Could you show each line of the records that contains the word "matpow"?

▸ **THE DATA**
┄┄┄┄┄┄┄┄┄┄
(* Let $d\ge1$, let $\{1,\dots,d\}$ be partitioned into $\mathcal{D}$ and $\mathcal{U}$ with $|\mathcal{D}|=1$, let $\mathbb{C}$ be the contribution matrix of a causal graph, $c\in\mathbb{R}^d$ with $c_f>0$, $\alpha>0$, $p\in[1,3]$, and $\beta\in(0,1]$. Then the set $$\mathcal{H}=\{h_0\in\mathbb{R}^d:\ \mathbb{C}h_0\ge0\ \text{and every optimal solution of } \min_{e\ge0}\Big(\sum_f c_fe_f^{\,p}\Big)^{1/p}\ \text{s.t.}\ (\mathbb{C}h_0)^\top e\ge\alpha\ \text{is }\beta\text{-desirable}\}$$ of $\beta$-desirable classifiers is convex.
   Context: A causal graph is a weighted directed acyclic graph on $\{1,\dots,d\}$ with adjacency matrix $A$ ($A_{ij}$ the weight of edge $i\to j$, $0$ if absent); its contribution matrix is $\mathbb{C}=\sum_{k=0}^{d}A^k$. $\mathcal{D}$ is the set of desirable features, $\mathcal{U}$ the set of undesirable features. An effort profile $e$ is $\beta$-desirable if $\|e_{\mathcal{D}}\|_2\ge\beta\|e\|_2$, where $e_{\mathcal{D}}$ is the restriction of $e$ to coordinates in $\mathcal{D}$. *)

theory Defs
  imports "HOL-Analysis.Analysis"
begin

primrec matpow :: "real^'n^'n \<Rightarrow> nat \<Rightarrow> real^'n^'n" where
  "matpow A 0 = mat 1"
| "matpow A (Suc k) = matpow A k ** A"

definition is_dag :: "real^'n^'n \<Rightarrow> bool" where
  "is_dag A \<longleftrightarrow> acyclic {(i, j). A $ i $ j \<noteq> 0}"

definition contribution_matrix :: "real^'n^'n \<Rightarrow> real^'n^'n" where
  "contribution_matrix A = (\<Sum>k\<in>{0..CARD('n)}. matpow A k)"

definition nonneg_vec :: "real^'n \<Rightarrow> bool" where
  "nonneg_vec x \<longleftrightarrow> (\<forall>i. 0 \<le> x $ i)"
┄┄┄┄┄┄┄┄┄┄
▸ **WRITTEN REPLY**
primrec matpow :: "real^'n^'n \<Rightarrow> nat \<Rightarrow> real^'n^'n" where
  "matpow A 0 = mat 1"
| "matpow A (Suc k) = matpow A k ** A"
  "contribution_matrix A = (\<Sum>k\<in>{0..CARD('n)}. matpow A k)"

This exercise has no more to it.